Harran Ebene und aufdringliche Kinder
Nur einen „Steinwurf“ entfernt von der Grenze nach Syrien, etwa 44 km südlich von Sanliurfa liegt das urtümliche Dorf Harran, das kulturhistorisch bedeutend aus für die Region typischen Lehmhäusern besteht.
Der Weg nach Harran führt teilweise über pistenähnliche Straßen bis wir zunächst zum Ruinenhügel Sultantepe gelangen. Unter dem Ruinenhügel Sultantepe wurden seit den fünfziger Jahren des letzten Jahrhunderts die Überreste einer antiken Stadt ausgegraben. Man fand einen Tempel des Mondgottes Sin aus dem späten 3. Jahrtausend vor Christus, Stelen und Inschriften aus der Zeit Nabonids, der zwischen etwa 550 und 539 vor Christus dort residierte sowie als eines der eindrucksvollen Bauwerke, die Reste einer großen Moschee aus frühislamischer Zeit, deren gewaltiges Minaret noch immer über 33 m in die Höhe ragt. Beeindruckend ist auch die Zitadelle, die offenbar aus oder auf den Resten eines sabaäischen Tempels im 11. Jahrhundert gebaut wurde.
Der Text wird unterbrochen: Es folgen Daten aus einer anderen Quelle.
(* Let $n\ge m\ge 2$ be integers. Consider any optimal solution of the shifting-checkers game with $n$ black and $m$ white checkers whose first move is the slide of the white checker at position $n+2$ to the left into position $n+1$. For $1\le t\le m$ define $$\nu_t=\begin{cases} w^{t}(wb)^{m-t}Ob^{n-m+t} & n+t \text{ even},\\ w^{t}O(wb)^{m-t}b^{n-m+t} & n+t\text{ odd}\end{cases}$$ (so $\nu_m=w^mOb^n$). Then this optimal solution passes through all of the configurations $\nu_1,\dots,\nu_m$, and for each $1\le i\le m-1$ the portion of the move sequence leading from $\nu_i$ to $\nu_{i+1}$ is the same for all such optimal solutions (the shortest path from $\nu_i$ to $\nu_{i+1}$ is unique).
   Context: The game: positions $1,\dots,n+m+1$ in a row, each holding a black checker ($b$), a white checker ($w$) or nothing, with exactly one empty position (the vacancy $O$); configurations are written as words over $\{b,w,O\}$, exponents denoting repetition. Initial configuration $b^nOw^m$, final configuration $w^mOb^n$. A legal move is a slide (a checker adjacent to the vacancy moves into it) or a jump (a checker at distance two from the vacancy jumps over the checker between them into it), in either direction. An optimal solution is a sequence of legal moves from the initial to the final configuration of minimum length (this minimum is $nm+n+m$). *)

theory Defs
  imports Main
begin

text \<open>Cells of the board: black checker, white checker, or the vacancy Vac.
  A configuration is the list of cells at positions 1..n+m+1 (list index i = position i+1).\<close>
datatype cell = Blk | Wht | Vac

type_synonym config = "cell list"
Folgt man der kleinen Straße durch Harran etwa 15 km weit nach Osten, gelangt man zu den Bazda-Steinbrüchen, in denen jahrhundertelang Baumaterial für Harran, Jethro und die Han al-Ba'rur-Karawanserei gewonnen wurde. Übrig geblieben sind Hohlräume gewaltigen Ausmaßes, deren Besuch auf jeden Fall lohnenswert ist. Auch die etwa 5 km weiter südöstlich gelegene Han al-Ba'rur-Karawanserei selbst ist sehenswert. Leider sind die Kinder in Harran ein abschreckendes Beispiel für tourismusbedingte Erziehungsschäden, und es bleibt zu hoffen, dass die Erwachsenen dort irgendwann in der Lage sein werden, die teilweise unverschämte Bettelei und Drängelei der Kinder zu beenden.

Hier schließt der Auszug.